Saved data entries:
lemma w_property_if_large:
  assumes k: "2 \<le> k" and U: "uniform_hypergraph k G"
    and M: "10 * k^2 * card (hvertices G) * max_degree G \<le> M"
  shows "w_property M k G"
proof (cases "G = {}")
  case True
  then show ?thesis
    by (simp add: w_property_def hvertices_def)
next
  case False
  let ?n = "card (hvertices G)" and ?D = "max_degree G"
  have k_pos: "0 < k"
    using k by simp
  have finV: "finite (hvertices G)" and finG: "finite G"
    using finite_hvertices[OF U k_pos] U by (auto simp: uniform_hypergraph_def)
  have card_G: "card G \<le> ?n * ?D"
    using card_edges_le_card_hvertices_mult_max_degree[OF U k_pos] .
  moreover have "0 < card G"
    using False finG by (simp add: card_gt_0_iff)
  ultimately have "?n \<le> ?n * ?D" "1 \<le> ?n * ?D"
    by (cases ?D; simp)+
  have "16 * (?n * ?D) \<le> 10 * k * (?n * ?D)"
    using k by (intro mult_right_mono) auto
  then have "4 * k * (4 * (?n * ?D)) \<le> 10 * k^2 * ?n * ?D"
    using mult_le_mono2[of _ _ k] by (simp add: power2_eq_square mult_ac)
  with M have large: "4 * k * (4 * (?n * ?D)) \<le> M"
    by linarith
  have "4 * k * 1 \<le> 4 * k * (4 * (?n * ?D))"
    using \<open>1 \<le> ?n * ?D\<close> by (intro mult_le_mono2) simp
  with large have q_small: "4 * k \<le> M"
    by linarith
  then have M_pos: "0 < M"
    using k by simp
  have sparse: "4 * k * card {j \<in> bad_events G. j \<noteq> i \<and> pivot i \<in> support j} \<le> M" for i
  proof -
    have "card {j \<in> bad_events G. j \<noteq> i \<and> pivot i \<in> support j}
        \<le> card {j \<in> bad_events G. pivot i \<in> support j}"
      using finite_bad_events[OF finG finV] by (intro card_mono) auto
    also have "\<dots> \<le> 2 * ?n + ?D * ?n + card G"
      by (rule card_bad_events_at_le[OF U k_pos])
    also have "\<dots> \<le> 4 * (?n * ?D)"
      using card_G \<open>?n \<le> ?n * ?D\<close> mult.commute[of ?D ?n] by linarith
    finally show ?thesis
      using large by (meson le_trans mult_le_mono2)
  qed
  show ?thesis
    unfolding w_property_def
  proof (intro allI impI)
    fix f assume f: "admissible_map M k f"
    obtain \<phi> where \<phi>: "\<phi> \<in> hvertices G \<rightarrow>\<^sub>E {..<M}"
      and good: "\<forall>i \<in> bad_events G. \<not> occurs f i \<phi>"
      using resampling_local_lemma[OF finV finite_bad_events[OF finG finV] M_pos
          pivot_mem_hvertices occurs_fun_upd card_resample_occurs_le[OF f U k_pos] q_small sparse]
      by blast
    show "\<exists>\<phi> :: 'a \<Rightarrow> nat. inj_on \<phi> (hvertices G) \<and> \<phi> ` hvertices G \<subseteq> {..<M} \<and>
        (\<forall>e \<in> G. f (\<phi> ` e) \<inter> \<phi> ` hvertices G = {})"
      using good_copy_if_no_bad_event[OF f U \<phi>] good by blast
  qed
qed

● **Task objective**
Every single entry is to be retyped exactly.

● **Finished task**
lemma w_property_if_large:
  assumes k: "2 \<le> k" and U: "uniform_hypergraph k G"
    and M: "10 * k^2 * card (hvertices G) * max_degree G \<le> M"
  shows "w_property M k G"
proof (cases "G = {}")
  case True
  then show ?thesis
    by (simp add: w_property_def hvertices_def)
next
  case False
  let ?n = "card (hvertices G)" and ?D = "max_degree G"
  have k_pos: "0 < k"
    using k by simp
  have finV: "finite (hvertices G)" and finG: "finite G"
    using finite_hvertices[OF U k_pos] U by (auto simp: uniform_hypergraph_def)
  have card_G: "card G \<le> ?n * ?D"
    using card_edges_le_card_hvertices_mult_max_degree[OF U k_pos] .
  moreover have "0 < card G"
    using False finG by (simp add: card_gt_0_iff)
  ultimately have "?n \<le> ?n * ?D" "1 \<le> ?n * ?D"
    by (cases ?D; simp)+
  have "16 * (?n * ?D) \<le> 10 * k * (?n * ?D)"
    using k by (intro mult_right_mono) auto
  then have "4 * k * (4 * (?n * ?D)) \<le> 10 * k^2 * ?n * ?D"
    using mult_le_mono2[of _ _ k] by (simp add: power2_eq_square mult_ac)
  with M have large: "4 * k * (4 * (?n * ?D)) \<le> M"
    by linarith
  have "4 * k * 1 \<le> 4 * k * (4 * (?n * ?D))"
    using \<open>1 \<le> ?n * ?D\<close> by (intro mult_le_mono2) simp
  with large have q_small: "4 * k \<le> M"
    by linarith
  then have M_pos: "0 < M"
    using k by simp
  have sparse: "4 * k * card {j \<in> bad_events G. j \<noteq> i \<and> pivot i \<in> support j} \<le> M" for i
  proof -
    have "card {j \<in> bad_events G. j \<noteq> i \<and> pivot i \<in> support j}
        \<le> card {j \<in> bad_events G. pivot i \<in> support j}"
      using finite_bad_events[OF finG finV] by (intro card_mono) auto
    also have "\<dots> \<le> 2 * ?n + ?D * ?n + card G"
      by (rule card_bad_events_at_le[OF U k_pos])
    also have "\<dots> \<le> 4 * (?n * ?D)"
      using card_G \<open>?n \<le> ?n * ?D\<close> mult.commute[of ?D ?n] by linarith
    finally show ?thesis
      using large by (meson le_trans mult_le_mono2)
  qed
  show ?thesis
    unfolding w_property_def
  proof (intro allI impI)
    fix f assume f: "admissible_map M k f"
    obtain \<phi> where \<phi>: "\<phi> \<in> hvertices G \<rightarrow>\<^sub>E {..<M}"
      and good: "\<forall>i \<in> bad_events G. \<not> occurs f i \<phi>"
      using resampling_local_lemma[OF finV finite_bad_events[OF finG finV] M_pos
          pivot_mem_hvertices occurs_fun_upd card_resample_occurs_le[OF f U k_pos] q_small sparse]
      by blast
    show "\<exists>\<phi> :: 'a \<Rightarrow> nat. inj_on \<phi> (hvertices G) \<and> \<phi> ` hvertices G \<subseteq> {..<M} \<and>
        (\<forall>e \<in> G. f (\<phi> ` e) \<inter> \<phi> ` hvertices G = {})"
      using good_copy_if_no_bad_event[OF f U \<phi>] good by blast
  qed
qed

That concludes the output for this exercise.